Let $ \ \{a_n \} \ $ be a sequence of non-negative numbers such that $ \ \lim_{n \to \infty} a_n=a \in \mathbb{R} \ $. If $ \ k \in \mathbb{N} \ $ be fixed , prove that $ \ \lim_{n \to \infty} a_n^{\frac{1}{k}}=a^{\frac{1}{k}} \ $
Answer:
we know that $ \ a_n \to 0 \ \Rightarrow \sqrt[k]{a_n} \to 0 \ $
Now since $ \ a_n \to a $ , we have $ \ a_n-a \to 0 \ $
But I can't proceed.
On
The step you are missing:
For $t\in [0,1\rangle$ we have
$$(1-t)^k \le 1-t \le 1-t^k \implies 1-t \le (1-t^k)^{1/k}$$
For $x \ge y \ge 0$ set $t = \left(\frac{y}x\right)^{1/k} \in [0,1\rangle$ so
$$1-\frac{y^{1/k}}{x^{1/k}} \le \left(1-\frac{y}x\right)^{1/k} \implies x^{1/k} - y^{1/k} \le (x-y)^{1/k}$$
so $$\left|x^{1/k} - y^{1/k}\right| \le |x-y|^{1/k}, \quad\forall x,y \ge 0$$
Now we have
$$\left|a_n^{1/k} - a^{1/k}\right| \le |a_n - a|^{1/k} \xrightarrow{n\to\infty} 0$$
so $a_n^{1/k} \xrightarrow{n\to\infty} a^{1/k}$.
It is not exactly a proof since we should prove that step
$$ \ \sqrt[k]{a_n-a} \to 0 \ \implies \ a_n^{\frac{1}{k}} \to a^{\frac{1}{k}} \ $$
We should proceed by the $\epsilon-\delta$ definition.
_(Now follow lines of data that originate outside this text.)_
lemma image_mset_mset_set_fibres:
  assumes "finite S" "finite R" "f ` S \<subseteq> R"
  shows "image_mset f (mset_set S) = (\<Sum>p\<in>R. replicate_mset (card {x\<in>S. f x = p}) p)"
proof (rule multiset_eqI)
  fix q
  have lhs: "count (image_mset f (mset_set S)) q = card {x\<in>S. f x = q}"
    using assms(1) by (simp add: count_image_mset Int_def conj_commute)
  have rhs: "count (\<Sum>p\<in>R. replicate_mset (card {x\<in>S. f x = p}) p) q
      = (\<Sum>p\<in>R. if p = q then card {x\<in>S. f x = p} else 0)"
    by (auto simp: count_sum intro: sum.cong)
  show "count (image_mset f (mset_set S)) q = count (\<Sum>p\<in>R. replicate_mset (card {x\<in>S. f x = p}) p) q"
  proof (cases "q \<in> R")
    case True
    then show ?thesis using lhs rhs assms(2) by simp
  next
    case False
    then have empty: "{x\<in>S. f x = q} = {}" using assms(3) by auto
    have "(\<Sum>p\<in>R. if p = q then card {x\<in>S. f x = p} else 0) = 0"
      using False by (intro sum.neutral) auto
    then show ?thesis using lhs rhs empty by simp
  qed
qed

lemma sum_card_fibres:
  assumes "finite S" "finite R" "f ` S \<subseteq> R"
  shows "(\<Sum>p\<in>R. card {x\<in>S. f x = p}) = card S"
proof -
  have "size (image_mset f (mset_set S)) = card S" by simp
  then show ?thesis using image_mset_mset_set_fibres[OF assms] by simp
qed

lemma mset_set_split:
  assumes "finite V" "A \<subseteq> V"
  shows "mset_set V = mset_set A + mset_set (V - A)"
proof -
  have "V = A \<union> (V - A)" using assms(2) by auto
  also have "mset_set \<dots> = mset_set A + mset_set (V - A)"
    using assms by (intro mset_set_Union) (auto intro: finite_subset)
  finally show ?thesis .
qed

lemma image_mset_mset_set_remove:
  assumes "finite A" "v \<in> A"
  shows "image_mset f (mset_set (A - {v})) = image_mset f (mset_set A) - {#f v#}"
  using assms by (simp add: mset_set.remove)

lemma cref_bij_betw:
  assumes fin: "finite V" and bij: "bij_betw f V V'"
    and edge: "\<And>x y. x \<in> V \<Longrightarrow> y \<in> V \<Longrightarrow> E' (f x) (f y) = E x y"
    and col: "\<And>x. x \<in> V \<Longrightarrow> col' (f x) = col x"
    and x: "x \<in> V"
  shows "cref V' E' col' r (f x) = cref V E col r x"
  using x
proof (induction r arbitrary: x)
  case 0
  then show ?case using col by simp
next
  case (Suc r)
  have V': "V' = f ` V" and inj: "inj_on f V" using bij by (auto simp: bij_betw_def)
  have nbrs: "nbrs V' E' (f x) = f ` nbrs V E x"
    using edge[OF Suc.prems] unfolding V' nbrs_def by auto
  have inj_nbrs: "inj_on f (nbrs V E x)"
    using inj nbrs_subset by (rule inj_on_subset)
  have "image_mset (cref V' E' col' r) (mset_set (nbrs V' E' (f x)))
      = image_mset (cref V' E' col' r \<circ> f) (mset_set (nbrs V E x))"
    using inj_nbrs by (simp add: nbrs image_mset_mset_set[symmetric] multiset.map_comp)
  also have "\<dots> = image_mset (cref V E col r) (mset_set (nbrs V E x))"
    using Suc.IH nbrs_subset[of V E x] finite_nbrs[OF fin, of E x] by (intro image_mset_cong) auto
  finally show ?case using Suc by simp
qed

lemma WL1_bij_betw:
  assumes fin: "finite V" and bij: "bij_betw f V V'"
    and edge: "\<And>x y. x \<in> V \<Longrightarrow> y \<in> V \<Longrightarrow> E' (f x) (f y) = E x y"
    and col: "\<And>x. x \<in> V \<Longrightarrow> col' (f x) = col x"
  shows "WL1 V' E' col' = WL1 V E col"
proof -
  have V': "V' = f ` V" and inj: "inj_on f V" using bij by (auto simp: bij_betw_def)
  have "WL1 V' E' col' = image_mset (cref V' E' col' (card V) \<circ> f) (mset_set V)"
    unfolding WL1_def V' using inj by (simp add: image_mset_mset_set[symmetric] card_image multiset.map_comp)
  also have "\<dots> = WL1 V E col"
    unfolding WL1_def using cref_bij_betw[of V f V' E' E col' col, OF fin bij edge col] fin
    by (intro image_mset_cong) auto
  finally show ?thesis .
qed

text \<open>Colour refinement on a quotient: \<open>cc k\<close> is the initial colour of class \<open>k\<close> and \<open>Q k\<close>
  the multiset of classes of the neighbours of any vertex of class \<open>k\<close>.\<close>

fun cref_quot :: "('k \<Rightarrow> 'c) \<Rightarrow> ('k \<Rightarrow> 'k multiset) \<Rightarrow> nat \<Rightarrow> 'k \<Rightarrow> 'c crcol" where
  "cref_quot cc Q 0 k = C0 (cc k)"
| "cref_quot cc Q (Suc r) k = CS (cref_quot cc Q r k) (image_mset (cref_quot cc Q r) (Q k))"

lemma cref_eq_cref_quot:
  assumes fin: "finite V"
    and col: "\<And>x. x \<in> V \<Longrightarrow> col x = cc (cls x)"
    and Q: "\<And>x. x \<in> V \<Longrightarrow> image_mset cls (mset_set (nbrs V E x)) = Q (cls x)"
    and x: "x \<in> V"
  shows "cref V E col r x = cref_quot cc Q r (cls x)"
  using x
proof (induction r arbitrary: x)
  case 0
  then show ?case using col by simp
next
  case (Suc r)
  have "image_mset (cref V E col r) (mset_set (nbrs V E x))
      = image_mset (cref_quot cc Q r \<circ> cls) (mset_set (nbrs V E x))"
    using Suc.IH nbrs_subset[of V E x] finite_nbrs[OF fin, of E x] by (intro image_mset_cong) auto
  also have "\<dots> = image_mset (cref_quot cc Q r) (Q (cls x))"
    by (simp add: multiset.map_comp[symmetric] Q[OF Suc.prems])
  finally show ?case using Suc by simp
qed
As a hint for a proof, suppose $a\neq 0$, we know that
$$ \lim_{n \to \infty} a_n=a \in \mathbb{R} $$
that is
$$|a_n-a|<\epsilon \quad \forall n>\bar n$$
then
$$|a_n^{\frac{1}{k}}-a^{\frac{1}{k}}|\implies |(a+\epsilon)^{\frac{1}{k}}-a^{\frac{1}{k}}|=a^{\frac{1}{k}}|(1+\epsilon/a)^{\frac{1}{k}}-1|\stackrel{Bernoulli}{\le}\frac{\epsilon a^{\frac{1}{k}}}{ka}=\bar \epsilon$$
therefore since we can choose $\epsilon$ arbitrary small also $\bar \epsilon$ can be choosen arbitrary small and then
$$\lim_{n \to \infty} a_n^{\frac{1}{k}}=a^{\frac{1}{k}}$$